Dana
Priest is an author and a Pulitzer Prize winning journalist. She has worked
for the Washington Post for fifteen years, covering national security, the intelligence
community and the War on Terror. She was one of the first reporters on the ground
for the invasion of Panama in 1989, reported on Iraq in late 1990, and covered
the 1999 Kosovo War from air bases in Europe.
In 2001, Priest was awarded a prestigious MacArthur Foundation Research and
Writing grant. The same year, she won the Gerald R. Ford Prize for Distinguished
Reporting on national defense for her series "The Proconsuls: A Four-Star
Foreign Policy?" as well as the State Department's Excellence in Journalism
Award. She was awarded the George Polk Award for National Reporting in 2005
and the Pulitzer Prize for Beat Reporting in 2006. She also was a guest scholar-in-residence
at the U.S. Institute of Peace.
Priest holds a B.A. in political science from the University of California at
Santa Cruz. She lives in Washington, DC with her husband and two children.
William Pfaff
William
Pfaff is a celebrated author and columnist, whose writings have been featured
in the New Yorker, Foreign Affairs, the International Herald Tribune and the
Tribune Media Services International.
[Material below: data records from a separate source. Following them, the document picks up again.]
lemma L2_inner_integrable:
  assumes "L2 f" "L2 g"
  shows "integrable I01 (\<lambda>x. f x * cnj (g x))"
proof -
  have [measurable]: "f \<in> borel_measurable I01" "g \<in> borel_measurable I01"
    using assms by (simp_all add: L2_measurable)
  have "integrable I01 (\<lambda>x. norm (f x) * norm (g x))"
    using assms by (intro integrable_mult_square_integrable) (simp_all add: L2_square_integrable)
  then show ?thesis
    by (subst integrable_norm_iff[symmetric]) (simp_all add: norm_mult)
qed

lemma L2_inner_lincomb_right:
  assumes "L2 f" "L2 g1" "L2 g2"
  shows "L2_inner f (\<lambda>x. a * g1 x + b * g2 x) = cnj a * L2_inner f g1 + cnj b * L2_inner f g2"
proof -
  have "(\<lambda>x. f x * cnj (a * g1 x + b * g2 x)) =
        (\<lambda>x. cnj a * (f x * cnj (g1 x)) + cnj b * (f x * cnj (g2 x)))"
    by (simp add: algebra_simps)
  then show ?thesis
    using L2_inner_integrable[OF assms(1,2)] L2_inner_integrable[OF assms(1,3)]
    by (simp add: L2_inner_def)
qed

lemma L2_pythagoras:
  assumes "L2 u" "L2 w" "L2_inner u w = 0"
  shows "(LINT x|I01. (norm (u x + w x))\<^sup>2) = (LINT x|I01. (norm (u x))\<^sup>2) + (LINT x|I01. (norm (w x))\<^sup>2)"
proof -
  define r where "r x = Re (u x * cnj (w x))" for x
  have "(norm (u x + w x))\<^sup>2 = (norm (u x))\<^sup>2 + (norm (w x))\<^sup>2 + 2 * r x" for x
    unfolding cmod_power2 r_def by (simp add: power2_eq_square algebra_simps)
  then have "(LINT x|I01. (norm (u x + w x))\<^sup>2) = (LINT x|I01. (norm (u x))\<^sup>2 + (norm (w x))\<^sup>2 + 2 * r x)"
    by simp
  also have "\<dots> = (LINT x|I01. (norm (u x))\<^sup>2) + (LINT x|I01. (norm (w x))\<^sup>2) + 2 * (LINT x|I01. r x)"
  proof -
    have "integrable I01 r"
      unfolding r_def by (rule integrable_Re[OF L2_inner_integrable[OF assms(1,2)]])
    then show ?thesis
      using L2_square_integrable[OF assms(1)] L2_square_integrable[OF assms(2)]
      by (simp add: Bochner_Integration.integral_add)
  qed
  also have "(LINT x|I01. r x) = Re (L2_inner u w)"
    unfolding r_def L2_inner_def by (rule integral_Re[OF L2_inner_integrable[OF assms(1,2)]])
  finally show ?thesis using assms(3) by simp
qed

lemma L2_norm_nonneg: "0 \<le> L2_norm f"
  unfolding L2_norm_def by (simp add: integral_nonneg_AE)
Pfaff has previously served as an executive
of the Free Europe Committee, deputy director of Hudson Research Europe, Ltd.,
and has authored eight books on American foreign policy.
He is a graduate from the University of Notre Dame and served in the United
States Army Special Units during and after the Korean War. He now lives in Paris
with his wife, Carolyn, and have two grown children, and four grandchildren.